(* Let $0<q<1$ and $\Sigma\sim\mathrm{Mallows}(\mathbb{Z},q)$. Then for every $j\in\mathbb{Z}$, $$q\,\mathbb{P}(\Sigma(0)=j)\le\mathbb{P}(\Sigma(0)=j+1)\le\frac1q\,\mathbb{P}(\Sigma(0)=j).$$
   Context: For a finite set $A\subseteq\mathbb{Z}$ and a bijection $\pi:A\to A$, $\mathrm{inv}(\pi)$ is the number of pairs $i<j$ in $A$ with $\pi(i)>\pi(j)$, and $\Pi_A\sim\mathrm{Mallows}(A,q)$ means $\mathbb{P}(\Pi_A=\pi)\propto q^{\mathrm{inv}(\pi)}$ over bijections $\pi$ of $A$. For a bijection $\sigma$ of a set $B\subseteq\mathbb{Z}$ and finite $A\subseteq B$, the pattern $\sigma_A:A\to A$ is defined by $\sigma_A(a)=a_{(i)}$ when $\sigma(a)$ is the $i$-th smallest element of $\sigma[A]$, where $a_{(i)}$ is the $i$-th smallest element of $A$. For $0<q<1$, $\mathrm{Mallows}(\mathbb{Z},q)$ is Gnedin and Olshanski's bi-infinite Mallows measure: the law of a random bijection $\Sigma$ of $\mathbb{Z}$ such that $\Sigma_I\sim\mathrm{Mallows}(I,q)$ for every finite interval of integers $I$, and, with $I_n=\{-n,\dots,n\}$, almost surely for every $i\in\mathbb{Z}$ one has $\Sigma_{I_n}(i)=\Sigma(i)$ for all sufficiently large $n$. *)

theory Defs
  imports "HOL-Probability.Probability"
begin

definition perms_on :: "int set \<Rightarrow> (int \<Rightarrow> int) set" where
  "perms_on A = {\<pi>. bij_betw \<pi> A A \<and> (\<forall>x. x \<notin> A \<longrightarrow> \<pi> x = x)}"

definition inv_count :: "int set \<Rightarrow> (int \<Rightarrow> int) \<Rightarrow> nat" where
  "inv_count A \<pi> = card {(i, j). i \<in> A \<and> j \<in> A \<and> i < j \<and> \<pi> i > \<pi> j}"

+--

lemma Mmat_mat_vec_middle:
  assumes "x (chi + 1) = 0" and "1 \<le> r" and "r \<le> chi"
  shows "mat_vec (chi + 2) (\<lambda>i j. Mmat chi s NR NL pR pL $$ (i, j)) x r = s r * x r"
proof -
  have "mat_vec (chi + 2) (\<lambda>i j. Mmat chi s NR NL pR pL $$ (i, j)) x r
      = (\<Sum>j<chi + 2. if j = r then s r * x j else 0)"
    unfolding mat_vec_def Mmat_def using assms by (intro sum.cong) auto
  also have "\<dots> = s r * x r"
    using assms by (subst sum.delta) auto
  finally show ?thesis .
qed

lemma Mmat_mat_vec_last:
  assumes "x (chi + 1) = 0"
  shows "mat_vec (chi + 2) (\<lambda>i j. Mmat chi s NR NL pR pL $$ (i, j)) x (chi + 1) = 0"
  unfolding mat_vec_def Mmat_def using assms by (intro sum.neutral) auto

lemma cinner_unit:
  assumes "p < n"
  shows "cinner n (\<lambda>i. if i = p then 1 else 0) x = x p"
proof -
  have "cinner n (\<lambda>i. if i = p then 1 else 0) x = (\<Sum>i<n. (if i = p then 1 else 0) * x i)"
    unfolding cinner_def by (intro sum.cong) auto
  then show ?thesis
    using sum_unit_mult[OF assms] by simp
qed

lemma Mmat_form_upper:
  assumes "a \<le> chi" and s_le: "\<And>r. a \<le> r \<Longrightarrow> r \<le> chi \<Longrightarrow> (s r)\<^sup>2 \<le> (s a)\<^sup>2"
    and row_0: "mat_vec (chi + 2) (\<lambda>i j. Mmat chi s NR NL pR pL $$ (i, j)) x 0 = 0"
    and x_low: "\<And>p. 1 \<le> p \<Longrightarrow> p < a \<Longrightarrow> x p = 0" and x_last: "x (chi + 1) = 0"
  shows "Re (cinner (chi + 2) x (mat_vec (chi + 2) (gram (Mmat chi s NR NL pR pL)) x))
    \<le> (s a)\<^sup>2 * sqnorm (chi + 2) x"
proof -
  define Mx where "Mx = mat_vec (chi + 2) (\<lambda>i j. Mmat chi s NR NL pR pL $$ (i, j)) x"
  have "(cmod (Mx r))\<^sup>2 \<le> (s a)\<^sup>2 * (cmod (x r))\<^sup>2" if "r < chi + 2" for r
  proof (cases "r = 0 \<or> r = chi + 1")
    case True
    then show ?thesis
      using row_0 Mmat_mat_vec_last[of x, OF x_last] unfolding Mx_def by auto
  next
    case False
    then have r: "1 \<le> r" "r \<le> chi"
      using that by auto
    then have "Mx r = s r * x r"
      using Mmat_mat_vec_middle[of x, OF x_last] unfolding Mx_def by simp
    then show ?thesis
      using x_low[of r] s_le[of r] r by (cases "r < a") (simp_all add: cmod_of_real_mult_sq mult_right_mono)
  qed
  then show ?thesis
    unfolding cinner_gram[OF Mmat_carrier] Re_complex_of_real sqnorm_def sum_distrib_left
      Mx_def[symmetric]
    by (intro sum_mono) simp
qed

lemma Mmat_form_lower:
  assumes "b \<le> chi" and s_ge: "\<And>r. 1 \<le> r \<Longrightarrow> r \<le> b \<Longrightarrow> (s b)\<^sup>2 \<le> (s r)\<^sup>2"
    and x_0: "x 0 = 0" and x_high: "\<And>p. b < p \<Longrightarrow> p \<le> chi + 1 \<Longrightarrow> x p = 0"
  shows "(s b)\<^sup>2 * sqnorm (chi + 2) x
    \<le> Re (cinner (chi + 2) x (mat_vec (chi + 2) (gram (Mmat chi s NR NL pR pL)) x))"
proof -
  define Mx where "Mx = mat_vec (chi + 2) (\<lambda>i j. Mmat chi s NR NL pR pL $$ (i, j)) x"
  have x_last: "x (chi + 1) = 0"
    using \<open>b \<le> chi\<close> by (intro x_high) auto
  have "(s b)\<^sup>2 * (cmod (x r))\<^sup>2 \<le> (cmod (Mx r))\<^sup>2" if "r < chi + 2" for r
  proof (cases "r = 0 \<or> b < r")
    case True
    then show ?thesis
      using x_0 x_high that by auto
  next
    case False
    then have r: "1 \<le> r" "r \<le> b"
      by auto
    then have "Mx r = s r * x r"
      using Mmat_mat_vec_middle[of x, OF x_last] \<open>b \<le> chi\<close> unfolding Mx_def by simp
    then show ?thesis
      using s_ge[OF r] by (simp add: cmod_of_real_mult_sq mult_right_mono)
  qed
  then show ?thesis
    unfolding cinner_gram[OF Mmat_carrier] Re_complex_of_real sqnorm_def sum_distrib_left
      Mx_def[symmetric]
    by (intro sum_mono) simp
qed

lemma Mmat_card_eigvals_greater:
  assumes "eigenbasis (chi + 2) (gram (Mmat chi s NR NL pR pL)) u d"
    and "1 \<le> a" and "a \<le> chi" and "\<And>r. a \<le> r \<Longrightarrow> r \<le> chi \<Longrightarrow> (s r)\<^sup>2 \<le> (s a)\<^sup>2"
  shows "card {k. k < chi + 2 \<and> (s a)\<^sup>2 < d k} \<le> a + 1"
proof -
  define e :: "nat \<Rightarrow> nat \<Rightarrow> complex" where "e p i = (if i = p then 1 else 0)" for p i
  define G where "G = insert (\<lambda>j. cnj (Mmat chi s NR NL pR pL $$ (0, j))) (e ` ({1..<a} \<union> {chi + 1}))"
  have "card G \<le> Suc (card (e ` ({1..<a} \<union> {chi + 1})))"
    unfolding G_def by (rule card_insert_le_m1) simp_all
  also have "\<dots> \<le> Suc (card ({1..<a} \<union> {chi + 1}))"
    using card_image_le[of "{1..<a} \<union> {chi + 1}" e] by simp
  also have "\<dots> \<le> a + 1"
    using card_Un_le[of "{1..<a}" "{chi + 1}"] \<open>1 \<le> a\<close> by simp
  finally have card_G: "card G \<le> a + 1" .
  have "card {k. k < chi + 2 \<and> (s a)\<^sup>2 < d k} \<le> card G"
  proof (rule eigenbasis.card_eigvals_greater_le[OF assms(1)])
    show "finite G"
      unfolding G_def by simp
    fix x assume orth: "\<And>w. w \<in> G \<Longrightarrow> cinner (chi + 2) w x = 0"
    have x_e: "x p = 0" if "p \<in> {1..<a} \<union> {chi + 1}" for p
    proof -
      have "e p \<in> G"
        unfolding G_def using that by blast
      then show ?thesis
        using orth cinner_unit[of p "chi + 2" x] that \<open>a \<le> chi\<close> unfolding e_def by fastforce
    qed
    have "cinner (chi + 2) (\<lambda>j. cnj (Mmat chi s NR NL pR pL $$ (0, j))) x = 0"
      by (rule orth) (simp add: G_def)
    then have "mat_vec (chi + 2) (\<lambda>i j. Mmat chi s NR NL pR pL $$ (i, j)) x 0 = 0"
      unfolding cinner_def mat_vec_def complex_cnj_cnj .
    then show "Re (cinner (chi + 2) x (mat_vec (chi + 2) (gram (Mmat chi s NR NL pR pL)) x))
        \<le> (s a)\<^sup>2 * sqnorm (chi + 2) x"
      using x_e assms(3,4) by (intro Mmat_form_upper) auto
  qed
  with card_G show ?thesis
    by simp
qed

+--

▶ **Work to complete**:
Look above for the line containing "(* Let $0<q<1$". Output from there through the line containing "(int \<Rightarrow> int) \<Rightarrow>", exactly and inclusively.

▶ **Problem solution**:
(* Let $0<q<1$ and $\Sigma\sim\mathrm{Mallows}(\mathbb{Z},q)$. Then for every $j\in\mathbb{Z}$, $$q\,\mathbb{P}(\Sigma(0)=j)\le\mathbb{P}(\Sigma(0)=j+1)\le\frac1q\,\mathbb{P}(\Sigma(0)=j).$$
   Context: For a finite set $A\subseteq\mathbb{Z}$ and a bijection $\pi:A\to A$, $\mathrm{inv}(\pi)$ is the number of pairs $i<j$ in $A$ with $\pi(i)>\pi(j)$, and $\Pi_A\sim\mathrm{Mallows}(A,q)$ means $\mathbb{P}(\Pi_A=\pi)\propto q^{\mathrm{inv}(\pi)}$ over bijections $\pi$ of $A$. For a bijection $\sigma$ of a set $B\subseteq\mathbb{Z}$ and finite $A\subseteq B$, the pattern $\sigma_A:A\to A$ is defined by $\sigma_A(a)=a_{(i)}$ when $\sigma(a)$ is the $i$-th smallest element of $\sigma[A]$, where $a_{(i)}$ is the $i$-th smallest element of $A$. For $0<q<1$, $\mathrm{Mallows}(\mathbb{Z},q)$ is Gnedin and Olshanski's bi-infinite Mallows measure: the law of a random bijection $\Sigma$ of $\mathbb{Z}$ such that $\Sigma_I\sim\mathrm{Mallows}(I,q)$ for every finite interval of integers $I$, and, with $I_n=\{-n,\dots,n\}$, almost surely for every $i\in\mathbb{Z}$ one has $\Sigma_{I_n}(i)=\Sigma(i)$ for all sufficiently large $n$. *)

theory Defs
  imports "HOL-Probability.Probability"
begin

definition perms_on :: "int set \<Rightarrow> (int \<Rightarrow> int) set" where
  "perms_on A = {\<pi>. bij_betw \<pi> A A \<and> (\<forall>x. x \<notin> A \<longrightarrow> \<pi> x = x)}"

definition inv_count :: "int set \<Rightarrow> (int \<Rightarrow> int) \<Rightarrow> nat" where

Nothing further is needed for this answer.